I said that the time (now) on the B & C clocks at their flyby event is also a coordinate time per A, because B & C are remotely located wrt him.

On 2/9/2020 at 6:54 PM, md65536 said:

Those are proper times, though. You're talking about the time of an event that is measured by a clock that passes through the event.

From A's POV at 5y-A, he runs the LTs to predict that the B & C clocks now read 4y-B and 4y-C at their flyby, way down yonder 3 ly distant.  Those are coordinate times as calculated by A using the LTs.  A is "not there", and the B/C flyby event does not occur on the A worldline.  On the other hand, if you ask B what his own clock reads at B/C flyby, he'll say 4y-B which is a proper time for he himself, because the flyby event occurs at B on the B worldline.  If you ask C what his clock reads at B/C flyby, he'll say 4y-C, which is a proper time for he himself, because the flyby event occurs at C on the C worldline.

I've brought up this point a ways back ... that a coordinate time of a remote moving clock (per one observer) is the proper time of that clock when it displays that time (per he who carries that clock).

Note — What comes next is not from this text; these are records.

lemma shortest_walk_exists:
  assumes "walk V E xs"
  obtains ys where "walk V E ys" "hd ys = hd xs" "last ys = last xs"
    "length ys = Suc (gdist V E (hd xs) (last xs))"
proof -
  have "\<exists>n ys. walk V E ys \<and> hd ys = hd xs \<and> last ys = last xs \<and> length ys = Suc n"
    using assms by (intro exI[of _ "length xs - 1"] exI[of _ xs]) (auto simp: walk_def)
  from LeastI_ex[OF this] show ?thesis using that unfolding gdist_def by blast
qed

lemma geodesic_iff_shortest_walk:
  "geodesic V E i xs \<longleftrightarrow> walk V E xs \<and> length xs = Suc i \<and>
     (\<forall>ys. walk V E ys \<and> hd ys = hd xs \<and> last ys = last xs \<longrightarrow> length xs \<le> length ys)"
    (is "_ \<longleftrightarrow> ?walk \<and> ?len \<and> ?shortest")
proof
  assume "geodesic V E i xs"
  then show "?walk \<and> ?len \<and> ?shortest"
    unfolding geodesic_def by (metis gdist_le_length)
next
  assume *: "?walk \<and> ?len \<and> ?shortest"
  then obtain ys where "walk V E ys" "hd ys = hd xs" "last ys = last xs"
    "length ys = Suc (gdist V E (hd xs) (last xs))"
    using shortest_walk_exists by blast
  with * gdist_le_length[of V E xs] show "geodesic V E i xs"
    unfolding geodesic_def by fastforce
qed

lemma geodesic_take:
  assumes geo: "geodesic V E d xs" and "k \<le> d"
  shows "geodesic V E k (take (Suc k) xs)"
proof (cases "k = d")
  case True
  with geo show ?thesis by (simp add: geodesic_def)
next
  case False
  with \<open>k \<le> d\<close> have "k < d" by simp
  have w: "walk V E xs" and l: "length xs = Suc d"
    using geo by (auto simp: geodesic_def)
  let ?p = "take (Suc k) xs" and ?r = "drop (Suc k) xs"
  show ?thesis unfolding geodesic_iff_shortest_walk
  proof (intro conjI allI impI)
    show "walk V E ?p" using walk_take[OF w] by simp
    show "length ?p = Suc k" using l \<open>k < d\<close> by simp
    fix ys assume ys: "walk V E ys \<and> hd ys = hd ?p \<and> last ys = last ?p"
    have "last ?p = xs ! k" "hd ?r = xs ! Suc k" "?r \<noteq> []"
      using l \<open>k < d\<close> by (auto simp: take_Suc_conv_app_nth hd_drop_conv_nth)
    moreover have "E (xs ! k) (xs ! Suc k)"
      using w l \<open>k < d\<close> unfolding walk_def by simp
    ultimately have "walk V E (ys @ ?r)"
      using ys walk_drop[OF w, of "Suc k"] l \<open>k < d\<close> by (intro walk_append) auto
    moreover have "hd (ys @ ?r) = hd xs" "last (ys @ ?r) = last xs"
      using ys \<open>?r \<noteq> []\<close> by (auto simp: walk_def)
    ultimately have "length xs \<le> length (ys @ ?r)"
      using geo unfolding geodesic_iff_shortest_walk by blast
    then show "length ?p \<le> length ys" using l \<open>k < d\<close> by simp
  qed
qed

lemma geodesic_singleton: "x \<in> V \<Longrightarrow> geodesic V E 0 [x]"
  unfolding geodesic_iff_shortest_walk by (auto simp: walk_def Suc_le_eq)

lemma geodesic_edge_iff: "geodesic V E 1 [x, y] \<longleftrightarrow> walk V E [x, y] \<and> x \<noteq> y"
proof -
  let ?shortest = "\<forall>ys. walk V E ys \<and> hd ys = x \<and> last ys = y \<longrightarrow> length [x, y] \<le> length ys"
  have "?shortest \<longleftrightarrow> x \<noteq> y" if "walk V E [x, y]"
  proof
    assume ?shortest
    from this[rule_format, of "[x]"] that show "x \<noteq> y" by auto
  next
    assume "x \<noteq> y"
    show ?shortest
    proof (intro allI impI)
      fix ys assume "walk V E ys \<and> hd ys = x \<and> last ys = y"
      with \<open>x \<noteq> y\<close> show "length [x, y] \<le> length ys" by (cases ys; cases "tl ys") auto
    qed
  qed
  moreover have "length [x, y] = Suc 1" "hd [x, y] = x" "last [x, y] = y" by simp_all
  ultimately show ?thesis unfolding geodesic_iff_shortest_walk by metis
qed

So the point I've been making thus far, is this ... any alternate theory that produces coordinate times that differ from SR, should not be able to predict B & C to execute a flyby at 4y-B and 4y-C.  If it produces different coordinate times wrt SR, I'd expect such a theory to predict (for example, say) 5.2y-B and 5.2y-C at their flyby event.  The B & C clocks will verify they read some specific values at their flyby event, and only the theory that predicts that, wins.  Of course, we won't be running such a flyby test anytime soon.